Missing context of the original intent: Without some sort of link to conversations and thoughts, you won’t have an understanding of the original intent of a project or modification. Without this understanding, you are at risk of misusing code and output, and coming to the wrong conclusions.
Don’t know what you don’t know: If you’ve never seen the asset, then it would be logical to assume that it doesn’t exist. Yet in reality, there may be plenty of assets that have already been developed that you can borrow from. Without the ability to find what work was performed, you could be reinventing the wheel.
Lack of knowledge of original asset or point of contact: Many times you’ll have questions about the thing that you’re looking at. However, as documents are passed around and organizational changes occur, it may be very difficult to locate a subject matter expert. Worse, without proper organization, assets might become orphaned, eventually losing all context and ownership.
Duplication / Multiple sources of truth: Building upon the issues above, analysts end up reinventing the wheel or creating variations of similar code, resulting in multiple sources of truth and confusion.

Issues with Working with Code

All of the issues related to Issues with All Analytics Tasks, plus…
A saved copy doesn’t exist: This makes it impossible* to re-run the exact same code and analysts wast time attempting to re-create code.
No version control: Impossible to see what was changed, when it was changed and who actually changed the code.
Inability to quickly see code changes: If you need to perform a side-by-side comparison or see exactly what changed, you can’t do so without an automated diffing tool. The human eye isn’t capable of this.
No ability to quickly find similar code: If similar code was created for a past request by you or someone else, it can be difficult if not impossible to find such code.

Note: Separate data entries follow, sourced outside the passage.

lemma card_zeros_le:
  assumes f: "f \<in> supported_in (L_basis W)" and f0: "f \<noteq> (\<lambda>w. 0)" and Z: "Z \<subseteq> curve_points"
    and vz: "\<And>P. P \<in> Z \<Longrightarrow> eval_coeffs (L_basis W) f P = 0"
  shows "card Z \<le> W"
proof -
  let ?Dom = "(supported_in (L_basis interp_degree) :: (nat \<times> nat \<Rightarrow> 'a) set) \<times> (Z \<rightarrow>\<^sub>E (UNIV::'a set))"
  let ?D = "W + interp_degree"
  have "card ?Dom \<le> card (supported_in (L_basis ?D) :: (nat \<times> nat \<Rightarrow> 'a) set)"
    using mult_plus_interpolators_supported[OF f Z]
    by (intro card_inj_on_le[OF inj_on_mult_plus_interpolators[OF f f0 Z vz]
          _ finite_supported_in[OF finite_L_basis]]) auto
  moreover have "card ?Dom = q ^ card (L_basis interp_degree) * q ^ card Z"
    using card_supported_in[OF finite_L_basis, of interp_degree, where 'b='a] card_F
      card_funcsetE[of Z "UNIV::'a set"] by (simp add: card_cartesian_product)
  moreover have "card (supported_in (L_basis ?D) :: (nat \<times> nat \<Rightarrow> 'a) set) = q ^ card (L_basis ?D)"
    using card_supported_in[OF finite_L_basis, of ?D, where 'b='a] card_F by simp
  ultimately have "q ^ (card (L_basis interp_degree) + card Z) \<le> q ^ card (L_basis ?D)"
    by (simp add: power_add)
  also have "\<dots> \<le> q ^ (card (L_basis interp_degree) + W)"
    using card_L_basis_le_add[of interp_degree ?D] q_ge_9 by (intro power_increasing) auto
  finally have "card (L_basis interp_degree) + card Z \<le> card (L_basis interp_degree) + W"
    by (rule power_le_imp_le_exp[rotated]) (use q_ge_9 in simp)
  then show ?thesis by simp
qed

end

section \<open>Rational points and weighted orthogonality\<close>

context odd_square_field
begin

definition fibre :: "'a \<Rightarrow> 'a set" where "fibre x = {y. y ^ \<alpha> = Tr x}"

lemma curve_points_Sigma: "curve_points = (SIGMA x:UNIV. fibre x)"
  by (auto simp: curve_points_def fibre_def)

lemma fibre_Tr_zero: "Tr x = 0 \<Longrightarrow> fibre x = {0}"
  using alpha_ge_2 by (auto simp: fibre_def)

lemma card_fibre: "Tr x \<noteq> 0 \<Longrightarrow> card (fibre x) = \<alpha>"
  unfolding fibre_def by (rule card_alpha_roots[OF Tr_in_Fq0])

definition npoints :: nat where "npoints = q0 + (q - q0) * \<alpha>"

lemma card_curve_points: "card curve_points = npoints"
proof -
  have "card curve_points = (\<Sum>x\<in>UNIV. card (fibre x))" unfolding curve_points_Sigma by (simp add: card_SigmaI)
  also have "\<dots> = (\<Sum>x\<in>UNIV. if Tr x = 0 then 1 else \<alpha>)"
    by (intro sum.cong refl) (simp add: fibre_Tr_zero card_fibre)
  also have "\<dots> = card Tr_kernel + card (UNIV - Tr_kernel) * \<alpha>"
    by (simp add: sum.If_cases Tr_kernel_def Collect_neg_eq Compl_eq_Diff_UNIV)
  also have "card (UNIV - Tr_kernel) = q - q0" using card_Tr_kernel card_F by (simp add: card_Diff_subset)
  finally show ?thesis using card_Tr_kernel by (simp add: npoints_def)
qed
lemma integral_sq_standardized_select_le:
  fixes x :: "'a \<Rightarrow> 'n::finite"
  assumes "prob_space M" and G: "gaussian_vec M r \<mu> \<Sigma>"
    and x: "x \<in> measurable M (count_space UNIV)"
  shows "(LINT \<omega>|M. (standardized_coord \<mu> \<Sigma> (x \<omega>) (r \<omega>))\<^sup>2) \<le> 2 * ln (2 * real CARD('n)) + 2"
proof -
  interpret prob_space M by fact
  define t where "t = 2 * ln (2 * real CARD('n))"
  have "ln 2 \<le> ln (2 * real CARD('n))"
    by (simp add: Suc_le_eq)
  then have "1 \<le> t"
    using ln2_ge_two_thirds unfolding t_def by linarith
  have tail: "(LINT \<omega>|M. max 0 ((standardized_coord \<mu> \<Sigma> j (r \<omega>))\<^sup>2 - t)) \<le> 4 * exp (- t / 2)" for j
    using \<open>1 \<le> t\<close> integrable_std_normal_sq_excess[of t] integral_std_normal_sq_excess_le[of t]
      integral_standardized_coord_le[OF assms(1) G, of "\<lambda>y. max 0 (y\<^sup>2 - t)" j]
    by (simp add: integral_nonneg)
  have "(LINT \<omega>|M. (standardized_coord \<mu> \<Sigma> (x \<omega>) (r \<omega>))\<^sup>2)
      \<le> t + (\<Sum>j\<in>UNIV. LINT \<omega>|M. max 0 ((standardized_coord \<mu> \<Sigma> j (r \<omega>))\<^sup>2 - t))"
    by (rule integral_select_le_excess[OF x integrable_sq_standardized_coord[OF assms(1) G]])
  also have "\<dots> \<le> t + (\<Sum>j\<in>(UNIV::'n set). 4 * exp (- t / 2))"
    by (intro add_left_mono sum_mono tail)
  also have "\<dots> = t + 2"
    by (simp add: t_def exp_minus)
  finally show ?thesis by (simp add: t_def)
qed

theorem lemmaD1:
  fixes M :: "'a measure"
    and r r' :: "'a \<Rightarrow> real^'n"
    and \<mu> :: "real^'n" and \<Sigma> :: "real^'n^'n"
    and f :: "real^'n \<Rightarrow> 'n"
  assumes "prob_space M"
    and "gaussian_vec M r \<mu> \<Sigma>"
    and "gaussian_vec M r' \<mu> \<Sigma>"
    and "prob_space.indep_var M borel r borel r'"
    and "f \<in> measurable borel (count_space UNIV)"
  shows "(LINT \<omega>|M. \<bar>r \<omega> $ f (r \<omega>) - \<mu> $ f (r \<omega>)\<bar>)
           \<le> sqrt ((LINT \<omega>|M. (sqrt (\<Sigma> $ f (r \<omega>) $ f (r \<omega>)))\<^sup>2)
                   * (2 * ln (2 * real CARD('n)) + 2))
         \<and> (LINT \<omega>|M. \<bar>r \<omega> $ f (r \<omega>) - r' \<omega> $ f (r \<omega>)\<bar>)
           \<le> (1 + sqrt (2 * ln (2 * real CARD('n)) + 2))
              * sqrt (LINT \<omega>|M. (sqrt (\<Sigma> $ f (r \<omega>) $ f (r \<omega>)))\<^sup>2)"
proof -
  interpret prob_space M by fact
  note G = assms(2) and G' = assms(3)
  have [measurable]: "r \<in> borel_measurable M" "f \<in> borel \<rightarrow>\<^sub>M count_space UNIV"
    using G assms(5) by (simp_all add: gaussian_vec_measurable)
  have x: "(\<lambda>\<omega>. f (r \<omega>)) \<in> measurable M (count_space UNIV)" by measurable
  define A where "A = (LINT \<omega>|M. (sqrt (\<Sigma> $ f (r \<omega>) $ f (r \<omega>)))\<^sup>2)"
  define B where "B = 2 * ln (2 * real CARD('n)) + 2"
  have "0 \<le> A" by (simp add: A_def)
  have "(LINT \<omega>|M. (standardized_coord \<mu> \<Sigma> (f (r \<omega>)) (r' \<omega>))\<^sup>2) \<le> 1"
    by (rule integral_select_indep_le[OF assms(4,5),
          where \<phi> = "\<lambda>j v. (standardized_coord \<mu> \<Sigma> j v)\<^sup>2"])
      (simp_all add: integrable_sq_standardized_coord[OF assms(1) G']
         integral_sq_standardized_coord_le[OF assms(1) G'])
  then have dev': "(LINT \<omega>|M. \<bar>r' \<omega> $ f (r \<omega>) - \<mu> $ f (r \<omega>)\<bar>) \<le> sqrt A"
    using integral_abs_gaussian_select_le[OF assms(1) G' x] \<open>0 \<le> A\<close> unfolding A_def[symmetric]
    by (meson mult_left_le order_trans real_sqrt_le_mono)
  have dev: "(LINT \<omega>|M. \<bar>r \<omega> $ f (r \<omega>) - \<mu> $ f (r \<omega>)\<bar>) \<le> sqrt (A * B)"
    using integral_abs_gaussian_select_le[OF assms(1) G x] integral_sq_standardized_select_le[OF assms(1) G x]
      \<open>0 \<le> A\<close> unfolding A_def[symmetric] B_def[symmetric]
    by (meson mult_left_mono order_trans real_sqrt_le_mono)
  have "(LINT \<omega>|M. \<bar>r \<omega> $ f (r \<omega>) - r' \<omega> $ f (r \<omega>)\<bar>) \<le> sqrt (A * B) + sqrt A"
    using integral_abs_select_diff_le[OF x, of r r' \<mu>] dev dev'
      integrable_gaussian_vec_coordinate[OF assms(1) G] integrable_gaussian_vec_coordinate[OF assms(1) G']
    by fastforce
  then show ?thesis
    using dev unfolding A_def[symmetric] B_def[symmetric]
    by (simp add: real_sqrt_mult algebra_simps)
qed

Also, if you need to find all instances within your code, wherever it is used (ad-hoc, Excel output, visualizations), it’s impossible to locate all instances. This can result in breaking views/tables/dashboards/etc. where other people might be borrowing or using the same assets.
Improperly saved code introduces runtime bugs: Sometimes code is copy/pasted into email, Excel, or PowerPoint files. This isn’t ideal for all of the reasons described above, but it can also produce whitespace characters, which cause users to chase red herring issues.

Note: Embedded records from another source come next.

section \<open>The Riccati equation for the slopes\<close>

text \<open>The variables are the values at one point of \<open>u\<close>, the sound speed \<open>H\<close> and their partial
  derivatives (\<open>urt\<close>, \<open>Hrt\<close> the mixed ones). The hypotheses are the reduced Euler equations and
  their \<open>r\<close>-derivatives; the left-hand side is \<open>A\<^sub>t + (u + H) A\<^sub>r\<close>, expanded by the quotient
  rule.\<close>
lemma riccati_identity:
  fixes m r u H ur Hr ut Ht urr Hrr urt Hrt :: real
  assumes r: "r \<noteq> 0" and w: "u + H \<noteq> 0" and z: "u - H \<noteq> 0"
    and mass: "Ht + u * Hr + H * ur + m * H * u / r = 0"
    and momentum: "ut + u * ur + H * Hr = 0"
    and mass_r: "Hrt + 2 * ur * Hr + u * Hrr + H * urr
      + m * (Hr * u + H * ur) / r - m * H * u / r\<^sup>2 = 0"
    and momentum_r: "urt + ur\<^sup>2 + u * urr + Hr\<^sup>2 + H * Hrr = 0"
  defines "Q \<equiv> H * u / (u + H)"
    and "Qr \<equiv> ((Hr * u + H * ur) * (u + H) - H * u * (ur + Hr)) / (u + H)\<^sup>2"
    and "Qt \<equiv> ((Ht * u + H * ut) * (u + H) - H * u * (ut + Ht)) / (u + H)\<^sup>2"
    and "A \<equiv> ur + Hr + m / r * (H * u / (u + H))"
    and "B \<equiv> ur - Hr - m / r * (H * u / (u - H))"
  shows "(urt + Hrt + m / r * Qt) + (u + H) * (urr + Hrr + m / r * Qr - m / r\<^sup>2 * Q)
    = A * (- A + 2 * m * H * u / (r * (u + H)) - m * (u + H) / (2 * r))
      + m * (u - H)\<^sup>2 * B / (2 * r * (u + H))"
proof -
  have Ht: "Ht = - (u * Hr + H * ur + m * H * u / r)" using mass by linarith
  have ut: "ut = - (u * ur + H * Hr)" using momentum by linarith
  have Hrt: "Hrt = - (2 * ur * Hr + u * Hrr + H * urr + m * (Hr * u + H * ur) / r - m * H * u / r\<^sup>2)"
    using mass_r by linarith
  have urt: "urt = - (ur\<^sup>2 + u * urr + Hr\<^sup>2 + H * Hrr)" using momentum_r by linarith
  \<comment> \<open>in the variables \<open>u + H\<close> and \<open>u - H\<close> all denominators become atomic\<close>
  define w where "w = u + H"
  define z where "z = u - H"
  have u: "u = (w + z) / 2" and H: "H = (w - z) / 2" by (simp_all add: w_def z_def)
  have "w \<noteq> 0" "z \<noteq> 0" using w z by (simp_all add: w_def z_def)
  then show ?thesis
    unfolding Ht ut Hrt urt Q_def Qr_def Qt_def A_def B_def unfolding u H
    using r by (simp add: field_simps power2_eq_square)
qed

Issues with Working with ETLs and Views

All of the issues related to Issues with All Analytics Tasks, plus…
All of the issues related to Issues with Working with Code, plus…
Potential for disconnection between actual code used and assumed code used: For the sake of this conversation, a View is simply a saved query that you call. For example, if you wanted to produce all of the sales metrics from Germany, you might have to write 100 lines of code. And if you use this code in multiple reports, you’d be duplicating that code. To reduce duplications or DRY (don’t repeat yourself) up your code, you could use a view such as, “select * from sales_metrics_in_germany”. Now, the issue that new View can introduce is that even if you save your code to a file, the actual View is saved in the database, because that’s where it’s executed. This means that it’s possible for you to modify your View code in your text editor on your laptop, but never actually run (save) that same code in the database. This can cause severe frustrations when chasing down bugs because what you think is the real code may not be the code that you’re actually running.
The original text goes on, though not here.